Extracts a specific chunk of text from the original input based on start and end positions. For array input the positions are treated as if all elements in the array were concatenated into a single long string.

Note that for arrays, the returned result will be an array and that the first and/or last element of the array may be a substring of that array item's text.

Parameters

  • input (string|string[]) - The original input text or array of texts
  • start (number) - Start position in the original text
  • end (number) - End position in the original text

Returns

  • string - For single string input
  • string[] - For array of strings input

Examples

const text = 'Hello world! This is a test.'
const chunk = getChunk(text, 0, 12)
// =>
;('Hello world!')

const texts = ['Hello world!', 'This is a test.']
const chunk = getChunk(texts, 0, 16)
// =>
;['Hello world!', 'This']

Advanced Usage

Custom Splitter Functions

You can create custom splitter functions for different tokenization strategies:

Sentences

Split by sentences using a regular expression.

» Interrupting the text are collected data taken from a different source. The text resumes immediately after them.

definition symmetric_mat :: "real^'n^'n \<Rightarrow> bool" where
  "symmetric_mat A \<longleftrightarrow> transpose A = A"

definition cur_metric :: "('a \<Rightarrow> real^'n^'n) \<Rightarrow> ('a \<Rightarrow> real^'n^'n) \<Rightarrow> real \<Rightarrow> 'a \<Rightarrow> real^'n^'n" where
  "cur_metric g0 Eb \<alpha> x = g0 x + (2 * \<alpha>) *\<^sub>R Eb x"

definition green_strain :: "real^'n^'n \<Rightarrow> real^'n^'n \<Rightarrow> real^'n^'n" where
  "green_strain gref gcur = (1/2) *\<^sub>R (gcur - gref)"

text \<open>Density of the Riemannian volume form of g relative to that of g0 (in any
  oriented frame): upsilon_g = sqrt(det g / det g0) upsilon_g0.\<close>
definition vol_ratio :: "real^'n^'n \<Rightarrow> real^'n^'n \<Rightarrow> real" where
  "vol_ratio g0 g = sqrt (det g / det g0)"

text \<open>Strain energy int_M 1/2 C(E,E) upsilon, where the volume form upsilon is given by
  its density rho w.r.t. the reference volume measure M (= upsilon_[0]).\<close>
definition strain_energy :: "'a measure \<Rightarrow> ('a \<Rightarrow> ('n::finite) tensor4) \<Rightarrow> ('a \<Rightarrow> real^'n^'n) \<Rightarrow> ('a \<Rightarrow> real) \<Rightarrow> real" where
  "strain_energy M C E \<rho> = (\<integral>x. (1/2) * contract (C x) (E x) * \<rho> x \<partial>M)"

end

theory Submission
  imports Defs
begin

text \<open>Both strains are multiples of \<open>Ebar\<close>: \<open>E = \<alpha> Ebar\<close> and \<open>Ehat = -\<alpha> Ebar\<close>. Hence \<open>W\<close>
  and \<open>What\<close> are the integrals of \<open>\<alpha>\<^sup>2/2\<close> times the densities \<open>C(Ebar, Ebar)\<close> and
  \<open>Chat(Ebar, Ebar) \<rho>\<close>, where \<open>\<rho> = sqrt (det g_[t] / det g_[0])\<close> is the volume ratio.
  Now \<open>Chat = C + O(\<alpha>)\<close> by hypothesis, and \<open>\<rho> = 1 + O(\<alpha>)\<close> because the determinant is
  Lipschitz on bounded matrices while \<open>det g_[0]\<close> is bounded away from 0 by coercivity. So the
  densities differ by \<open>O(\<alpha>)\<close>, and integrating over the finite measure gives
  \<open>What - W = \<alpha>\<^sup>2 O(\<alpha>) = O(\<alpha>\<^sup>3)\<close>. All these bounds are uniform over the points of \<open>M\<close>.\<close>

section \<open>Uniform \<open>O\<close>-bounds as \<open>\<alpha> \<rightarrow> 0\<close>\<close>

definition uniformly_bigo :: "'a set \<Rightarrow> nat \<Rightarrow> (real \<Rightarrow> 'a \<Rightarrow> real) \<Rightarrow> bool" where
  "uniformly_bigo S k f \<longleftrightarrow> (\<exists>K. \<forall>\<^sub>F \<alpha> in at 0. \<forall>x\<in>S. \<bar>f \<alpha> x\<bar> \<le> K * \<bar>\<alpha>\<bar> ^ k)"

lemma uniformly_bigoI:
  assumes "\<delta> > 0" and "\<And>\<alpha> x. \<bar>\<alpha>\<bar> < \<delta> \<Longrightarrow> x \<in> S \<Longrightarrow> \<bar>f \<alpha> x\<bar> \<le> K * \<bar>\<alpha>\<bar> ^ k"
  shows "uniformly_bigo S k f"
  unfolding uniformly_bigo_def eventually_at using assms by auto

lemma uniformly_bigo_bounded:
  assumes "\<And>\<alpha> x. x \<in> S \<Longrightarrow> \<bar>f \<alpha> x\<bar> \<le> B"
  shows "uniformly_bigo S 0 f"
  using assms by (intro uniformly_bigoI[of 1]) auto

lemma uniformly_bigo_const_bounded:
  assumes "\<exists>B. \<forall>x\<in>S. \<bar>h x\<bar> \<le> B"
  shows "uniformly_bigo S 0 (\<lambda>\<alpha>. h)"
  using assms by (auto intro: uniformly_bigo_bounded)

lemma uniformly_bigo_zero: "uniformly_bigo S k (\<lambda>\<alpha> x. 0)"
  unfolding uniformly_bigo_def by (auto intro: exI[of _ 0])

lemma uniformly_bigo_power: "uniformly_bigo S k (\<lambda>\<alpha> x. \<alpha> ^ k)"
  by (intro uniformly_bigoI[of 1 _ _ 1]) (simp_all add: power_abs)

lemma uniformly_bigo_le:
  assumes "uniformly_bigo S k g" and "c \<ge> 0" and "\<And>\<alpha> x. x \<in> S \<Longrightarrow> \<bar>f \<alpha> x\<bar> \<le> c * \<bar>g \<alpha> x\<bar>"
  shows "uniformly_bigo S k f"
proof -
  obtain K where "\<forall>\<^sub>F \<alpha> in at 0. \<forall>x\<in>S. \<bar>g \<alpha> x\<bar> \<le> K * \<bar>\<alpha>\<bar> ^ k"
    using assms(1) by (auto simp: uniformly_bigo_def)
  then have "\<forall>\<^sub>F \<alpha> in at 0. \<forall>x\<in>S. \<bar>f \<alpha> x\<bar> \<le> (c * K) * \<bar>\<alpha>\<bar> ^ k"
    by eventually_elim (metis assms(2,3) mult.assoc mult_left_mono order_trans)
  then show ?thesis by (auto simp: uniformly_bigo_def)
qed

lemma uniformly_bigo_mono:
  assumes "uniformly_bigo S l f" and "k \<le> l"
  shows "uniformly_bigo S k f"
proof -
  obtain K where K: "\<forall>\<^sub>F \<alpha> in at 0. \<forall>x\<in>S. \<bar>f \<alpha> x\<bar> \<le> K * \<bar>\<alpha>\<bar> ^ l"
    using assms(1) by (auto simp: uniformly_bigo_def)
  have "\<forall>\<^sub>F \<alpha> in at 0. \<bar>\<alpha>\<bar> < (1::real)"
    using eventually_at[of "\<lambda>\<alpha>::real. \<bar>\<alpha>\<bar> < 1"] by (auto intro: exI[of _ 1])
  with K have "\<forall>\<^sub>F \<alpha> in at 0. \<forall>x\<in>S. \<bar>f \<alpha> x\<bar> \<le> \<bar>K\<bar> * \<bar>\<alpha>\<bar> ^ k"
  proof eventually_elim
    case (elim \<alpha>)
    have "\<bar>\<alpha>\<bar> ^ l \<le> \<bar>\<alpha>\<bar> ^ k" using elim(2) \<open>k \<le> l\<close> by (intro power_decreasing) auto
    then have "K * \<bar>\<alpha>\<bar> ^ l \<le> \<bar>K\<bar> * \<bar>\<alpha>\<bar> ^ k"
      by (metis abs_ge_self abs_ge_zero mult_mono zero_le_power_abs)
    with elim(1) show ?case by force
  qed
  then show ?thesis by (auto simp: uniformly_bigo_def)
qed

lemma uniformly_bigo_add:
  assumes "uniformly_bigo S k f" and "uniformly_bigo S k g"
  shows "uniformly_bigo S k (\<lambda>\<alpha> x. f \<alpha> x + g \<alpha> x)"
proof -
  obtain K L where "\<forall>\<^sub>F \<alpha> in at 0. \<forall>x\<in>S. \<bar>f \<alpha> x\<bar> \<le> K * \<bar>\<alpha>\<bar> ^ k"
    and "\<forall>\<^sub>F \<alpha> in at 0. \<forall>x\<in>S. \<bar>g \<alpha> x\<bar> \<le> L * \<bar>\<alpha>\<bar> ^ k"
    using assms by (auto simp: uniformly_bigo_def)
  then have "\<forall>\<^sub>F \<alpha> in at 0. \<forall>x\<in>S. \<bar>f \<alpha> x + g \<alpha> x\<bar> \<le> (K + L) * \<bar>\<alpha>\<bar> ^ k"
    by eventually_elim (fastforce simp: distrib_right intro: abs_triangle_ineq[THEN order_trans])
  then show ?thesis by (auto simp: uniformly_bigo_def)
qed

lemma uniformly_bigo_mult:
  assumes "uniformly_bigo S k f" and "uniformly_bigo S l g"
  shows "uniformly_bigo S (k + l) (\<lambda>\<alpha> x. f \<alpha> x * g \<alpha> x)"
proof -
  obtain K L where "\<forall>\<^sub>F \<alpha> in at 0. \<forall>x\<in>S. \<bar>f \<alpha> x\<bar> \<le> K * \<bar>\<alpha>\<bar> ^ k"
    and "\<forall>\<^sub>F \<alpha> in at 0. \<forall>x\<in>S. \<bar>g \<alpha> x\<bar> \<le> L * \<bar>\<alpha>\<bar> ^ l"
    using assms by (auto simp: uniformly_bigo_def)
  then have "\<forall>\<^sub>F \<alpha> in at 0. \<forall>x\<in>S. \<bar>f \<alpha> x * g \<alpha> x\<bar> \<le> (K * L) * \<bar>\<alpha>\<bar> ^ (k + l)"
  proof eventually_elim
    case (elim \<alpha>)
    show ?case
    proof
      fix x assume "x \<in> S"
      then have "\<bar>f \<alpha> x\<bar> * \<bar>g \<alpha> x\<bar> \<le> (K * \<bar>\<alpha>\<bar> ^ k) * (L * \<bar>\<alpha>\<bar> ^ l)"
        using elim by (intro mult_mono') auto
      then show "\<bar>f \<alpha> x * g \<alpha> x\<bar> \<le> (K * L) * \<bar>\<alpha>\<bar> ^ (k + l)"
        by (simp add: abs_mult power_add mult_ac)
    qed
  qed
  then show ?thesis by (auto simp: uniformly_bigo_def)
qed

lemma uniformly_bigo_sum:
  assumes "\<And>i. i \<in> I \<Longrightarrow> uniformly_bigo S k (f i)"
  shows "uniformly_bigo S k (\<lambda>\<alpha> x. \<Sum>i\<in>I. f i \<alpha> x)"
  using assms
proof (induction I rule: infinite_finite_induct)
  case (insert i I)
  then show ?case by (simp add: uniformly_bigo_add)
qed (simp_all add: uniformly_bigo_zero)

lemma uniformly_bigo_prod:
  assumes "\<And>i. i \<in> I \<Longrightarrow> uniformly_bigo S (k i) (f i)"
  shows "uniformly_bigo S (\<Sum>i\<in>I. k i) (\<lambda>\<alpha> x. \<Prod>i\<in>I. f i \<alpha> x)"
  using assms
proof (induction I rule: infinite_finite_induct)
  case (insert i I)
  then show ?case by (simp add: uniformly_bigo_mult)
qed (auto intro: uniformly_bigo_bounded[where B=1])

lemma uniformly_bigo_prod_diff:
  assumes "\<And>i. i \<in> I \<Longrightarrow> uniformly_bigo S 0 (a i)" and "\<And>i. i \<in> I \<Longrightarrow> uniformly_bigo S 0 (b i)"
    and "\<And>i. i \<in> I \<Longrightarrow> uniformly_bigo S k (\<lambda>\<alpha> x. a i \<alpha> x - b i \<alpha> x)"
  shows "uniformly_bigo S k (\<lambda>\<alpha> x. (\<Prod>i\<in>I. a i \<alpha> x) - (\<Prod>i\<in>I. b i \<alpha> x))"
  using assms
proof (induction I rule: infinite_finite_induct)
  case (insert i I)
  have "uniformly_bigo S (k + 0) (\<lambda>\<alpha> x. (a i \<alpha> x - b i \<alpha> x) * (\<Prod>i\<in>I. b i \<alpha> x))"
    using insert.prems uniformly_bigo_prod[of I S "\<lambda>_. 0" b] by (intro uniformly_bigo_mult) auto
  moreover have "uniformly_bigo S (0 + k) (\<lambda>\<alpha> x. a i \<alpha> x * ((\<Prod>i\<in>I. a i \<alpha> x) - (\<Prod>i\<in>I. b i \<alpha> x)))"
    using insert by (intro uniformly_bigo_mult) auto
  ultimately have "uniformly_bigo S k (\<lambda>\<alpha> x. (a i \<alpha> x - b i \<alpha> x) * (\<Prod>i\<in>I. b i \<alpha> x) +
      a i \<alpha> x * ((\<Prod>i\<in>I. a i \<alpha> x) - (\<Prod>i\<in>I. b i \<alpha> x)))"
    by (intro uniformly_bigo_add) auto
  then show ?case
    by (rule uniformly_bigo_le[where c=1]) (simp_all add: insert.hyps algebra_simps)
qed (simp_all add: uniformly_bigo_zero)

section \<open>Determinants and the volume ratio\<close>

lemma continuous_on_det: "continuous_on S (det :: real^'n::finite^'n \<Rightarrow> real)"
  unfolding det_def[abs_def] by (intro continuous_intros)

lemma uniformly_bigo_det_diff:
  fixes A B :: "real \<Rightarrow> 'a \<Rightarrow> real^'n::finite^'n"
  assumes "\<And>i j. uniformly_bigo S 0 (\<lambda>\<alpha> x. A \<alpha> x $ i $ j)" and "\<And>i j. uniformly_bigo S 0 (\<lambda>\<alpha> x. B \<alpha> x $ i $ j)"
    and "\<And>i j. uniformly_bigo S k (\<lambda>\<alpha> x. A \<alpha> x $ i $ j - B \<alpha> x $ i $ j)"
  shows "uniformly_bigo S k (\<lambda>\<alpha> x. det (A \<alpha> x) - det (B \<alpha> x))"
proof -
  have "det (A \<alpha> x) - det (B \<alpha> x) = (\<Sum>p | p permutes UNIV. of_int (sign p) *
      ((\<Prod>i\<in>UNIV. A \<alpha> x $ i $ p i) - (\<Prod>i\<in>UNIV. B \<alpha> x $ i $ p i)))" for \<alpha> x
    by (simp add: det_def sum_subtractf[symmetric] right_diff_distrib)
  moreover have "uniformly_bigo S (0 + k) (\<lambda>\<alpha> x. of_int (sign p) *
      ((\<Prod>i\<in>UNIV. A \<alpha> x $ i $ p i) - (\<Prod>i\<in>UNIV. B \<alpha> x $ i $ p i)))" for p :: "'n \<Rightarrow> 'n"
    by (rule uniformly_bigo_mult, rule uniformly_bigo_bounded[where B=1])
      (auto simp: sign_def intro: uniformly_bigo_prod_diff assms)
  ultimately show ?thesis
    by (simp add: uniformly_bigo_sum)
qed
lemma refl_le: "le x x"
  using space unfolding preordered_s_regular_bms_def preorder_rel_def by simp

lemma trans_le: "le x y \<Longrightarrow> le y z \<Longrightarrow> le x z"
  using space unfolding preordered_s_regular_bms_def preorder_rel_def by blast

lemma d_nonneg: "0 \<le> d x y"
  and d_eq_0_iff: "d x y = 0 \<longleftrightarrow> x = y"
  and d_sym: "d x y = d y x"
  using space unfolding preordered_s_regular_bms_def b_metric_def by simp_all

lemma d_regular: "le x y \<Longrightarrow> le y z \<Longrightarrow> max (d x y) (d y z) \<le> s\<^sup>2 * d x z"
  using space unfolding preordered_s_regular_bms_def by blast

lemma antisym_le:
  assumes "le x y" and "le y x"
  shows "x = y"
proof -
  have "d x y \<le> s\<^sup>2 * d x x"
    using d_regular[OF assms] by simp
  then show ?thesis
    using d_nonneg[of x y] d_eq_0_iff[of x x] d_eq_0_iff[of x y] by simp
qed

lemma le_chain_mono:
  assumes "\<And>i. le (a i) (a (Suc i))" and "i \<le> j"
  shows "le (a i) (a j)"
  using assms(2) by (induction j rule: dec_induct) (auto intro: refl_le trans_le[OF _ assms(1)])

text \<open>Regularity transports the decay of \<open>d (a i) (b i)\<close> back to the start:
  \<open>b i \<preccurlyeq> a 0 \<preccurlyeq> a k \<preccurlyeq> a i\<close> gives \<open>d (a 0) (a k) \<le> s\<^sup>4 d (b i) (a i)\<close> for all \<open>i \<ge> k\<close>.\<close>
lemma ascending_seq_const_if_approached_from_below:
  assumes asc: "\<And>i. le (a i) (a (Suc i))"
    and below: "\<And>i. le (b i) (a 0)"
    and lim: "(\<lambda>i. d (a i) (b i)) \<longlonglongrightarrow> 0"
  shows "a k = a 0"
proof -
  have bound: "d (a 0) (a k) \<le> s\<^sup>2 * (s\<^sup>2 * d (a i) (b i))" if "k \<le> i" for i
  proof -
    have "d (a 0) (a k) \<le> s\<^sup>2 * d (a 0) (a i)"
      using d_regular[OF le_chain_mono[of a, OF asc, of 0 k] le_chain_mono[of a, OF asc that]] by simp
    moreover have "d (a 0) (a i) \<le> s\<^sup>2 * d (b i) (a i)"
      using d_regular[OF below le_chain_mono[of a, OF asc, of 0 i]] by simp
    then have "s\<^sup>2 * d (a 0) (a i) \<le> s\<^sup>2 * (s\<^sup>2 * d (a i) (b i))"
      by (intro mult_left_mono) (simp_all add: d_sym)
    ultimately show ?thesis
      by (rule order_trans)
  qed
  have "(\<lambda>i. s\<^sup>2 * (s\<^sup>2 * d (a i) (b i))) \<longlonglongrightarrow> 0"
    by (intro tendsto_mult_right_zero lim)
  then have "d (a 0) (a k) \<le> 0"
    using bound by (intro LIMSEQ_le_const) blast+
  then show ?thesis
    using d_nonneg[of "a 0" "a k"] d_eq_0_iff by simp
qed

lemma isotone_le:
  assumes "concordantly_isotone le I F" and "\<alpha> \<in> I" and "le x y"
  shows "le (F \<alpha> x) (F \<alpha> y)"
  using assms refl_le unfolding concordantly_isotone_def strict_rel_def by (cases "x = y") auto

lemma isotone_orbit_ascending:
  assumes "concordantly_isotone le I F" and "\<alpha> \<in> I" and "le w (F \<alpha> w)"
  shows "le ((F \<alpha> ^^ i) w) ((F \<alpha> ^^ Suc i) w)"
proof (induction i)
  case 0
  then show ?case using assms(3) by simp
next
  case (Suc i)
  then show ?case using isotone_le[OF assms(1,2) Suc.IH] by simp
qed

lemma fixpoint_if_orbit_approached_from_below:
  assumes iso: "concordantly_isotone le I F" and "\<alpha> \<in> I"
    and up: "le w (F \<alpha> w)" and below: "\<And>i. le (b i) w"
    and lim: "(\<lambda>i. d ((F \<alpha> ^^ i) w) (b i)) \<longlonglongrightarrow> 0"
  shows "F \<alpha> w = w"
  using ascending_seq_const_if_approached_from_below[of "\<lambda>i. (F \<alpha> ^^ i) w" b 1]
    isotone_orbit_ascending[OF assms(1-3)] below lim by simp
lemma hole_or_antihole_disjoint_union:
  assumes wf: "\<forall>G\<in>set Gs. wf_graph G"
    and disj: "\<forall>i<length Gs. \<forall>j<length Gs. i \<noteq> j \<longrightarrow> verts (Gs ! i) \<inter> verts (Gs ! j) = {}"
    and hole: "hole_or_antihole (disjoint_union Gs) vs b"
  shows "\<exists>G\<in>set Gs. hole_or_antihole G vs b"
proof -
  let ?U = "disjoint_union Gs"
  have n: "length vs \<ge> 5" and d: "distinct vs" and s: "set vs \<subseteq> verts ?U"
    using hole unfolding hole_or_antihole_def by auto
  have "0 < length vs" using n by linarith
  then have "vs ! 0 \<in> verts ?U" using s nth_mem[of 0 vs] by blast
  then obtain G0 where G0: "G0 \<in> set Gs" "vs ! 0 \<in> verts G0"
    unfolding verts_disjoint_union by blast
  then obtain k where "k < length Gs" "G0 = Gs ! k"
    by (metis in_set_conv_nth)
  with G0 have k: "k < length Gs" "vs ! 0 \<in> verts (Gs ! k)" by simp_all
  note adj_k = adj_disjoint_union_iff_component[OF wf disj k(1)]
  have "set vs \<subseteq> verts (Gs ! k)"
  proof (rule hole_or_antihole_connected[OF hole k(2)])
    fix i j assume "adj ?U (vs ! i) (vs ! j)" "vs ! j \<in> verts (Gs ! k)"
    then have "adj (Gs ! k) (vs ! j) (vs ! i)"
      using adj_k[of "vs ! j" "vs ! i"] adj_commute[of ?U] by simp
    moreover have "wf_graph (Gs ! k)" using wf k(1) by simp
    ultimately show "vs ! i \<in> verts (Gs ! k)" by (intro wf_graph_adjD(2))
  qed
  moreover have "adj (Gs ! k) (vs ! i) (vs ! j) \<longleftrightarrow> cyclic_adjacent (length vs) i j = b"
    if "i < length vs" "j < length vs" "i \<noteq> j" for i j
  proof -
    have "vs ! i \<in> verts (Gs ! k)" using that(1) calculation nth_mem by blast
    then show ?thesis using hole_or_antihole_adj_iff[OF hole that] adj_k by simp
  qed
  ultimately have "hole_or_antihole (Gs ! k) vs b"
    using n d unfolding hole_or_antihole_def by simp
  moreover have "Gs ! k \<in> set Gs" using k(1) by (rule nth_mem)
  ultimately show ?thesis by blast
qed

lemma tree_cograph_no_hole_or_antihole:
  "tree_cograph G \<Longrightarrow> wf_graph G \<and> (\<forall>vs b. \<not> hole_or_antihole G vs b)"
proof (induction rule: tree_cograph.induct)
  case (tree G)
  then have "wf_graph G" and acyclic: "\<nexists>ws. is_cycle G ws"
    unfolding is_tree_def by simp_all
  moreover have "\<not> hole_or_antihole G vs b" for vs b
    using acyclic hole_or_antihole_imp_cycle[of G vs b] by auto
  ultimately show ?case by simp
next
  case (compl G)
  have "\<not> hole_or_antihole (complement G) vs b" for vs b
    using compl.IH hole_or_antihole_complement[of G vs b] by auto
  with compl.IH show ?case by (simp add: wf_graph_complement)
next
  case (union Gs)
  then have wf: "\<forall>G\<in>set Gs. wf_graph G" by simp
  have "\<not> hole_or_antihole (disjoint_union Gs) vs b" for vs b
    using hole_or_antihole_disjoint_union[OF wf union.hyps(2), of vs b] union.IH by auto
  then show ?case by (simp add: wf_graph_disjoint_union[OF wf])
qed

theorem lemma1:
  fixes G :: "'a graph"
  assumes "tree_cograph G"
  shows "\<not> (\<exists>vs. is_induced_cycle G vs \<and> length vs > 4)"
  using tree_cograph_no_hole_or_antihole[OF assms] is_induced_cycle_imp_hole[of G] by auto

end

// Sentence-based splitting
const sentenceSplitter = text => text.split(/[.!?]+/)
const chunks = split(text, {
  chunkSize: 5,
  splitter: sentenceSplitter
})

// =>
;[{ text: 'Hello world! This is a test', start: 0, end: 27 }]

TikToken

Split using the TikToken tokenizer with the commonly used text-embedding-ada-002 model.

import tiktoken from 'tiktoken'

// Create a tokenizer for a specific model
const tokenizer = tiktoken.encoding_for_model('text-embedding-ada-002')
const td = new TextDecoder()

// Create a token splitter function
const tokenSplitter = text =>
  Array.from(tokenizer.encode(text)).map(token =>
    td.decode(tokenizer.decode([token]))
  )

const text = 'Hello world! This is a test.'
const chunks = split(text, {
  chunkSize: 3,
  chunkOverlap: 1,
  splitter: tokenSplitter
})

// Don't forget to free the tokenizer when done
tokenizer.free()

// =>
;[
  { text: 'Hello world!', start: 0, end: 12 },
  { text: '! This is', start: 11, end: 20 },
  { text: ' is a test', start: 17, end: 27 },
  { text: ' test.', start: 22, end: 28 }
]

Working with Overlaps

Chunk overlap is useful for maintaining context between chunks:

const text = 'This is a very long document that needs to be split into chunks.'
const chunks = split(text, {
  chunkSize: 10,
  chunkOverlap: 3,
  splitter: text => text.split(' ')
})
// Each chunk will share 3 words with the previous chunk
// =>
;[
  {
    text: 'This is a very long document that needs to be',
    start: 0,
    end: 45
  },
  { text: 'needs to be split into chunks.', start: 34, end: 64 }
]

Multibyte / Unicode Strings

Processing text with multibyte characters (Unicode characters with char codes greater than 255 -- e.g. emojis) is problematic for tokenizers that can split strings across byte boundaries (as noted by other text splitting libraries). llm-splitter needs to determine the start/end locations of each chunk and thus have to find locations for the split parts in the original input(s).

llm-splitter approaches the multibyte characters problem as follows: For each part produced by splitter()...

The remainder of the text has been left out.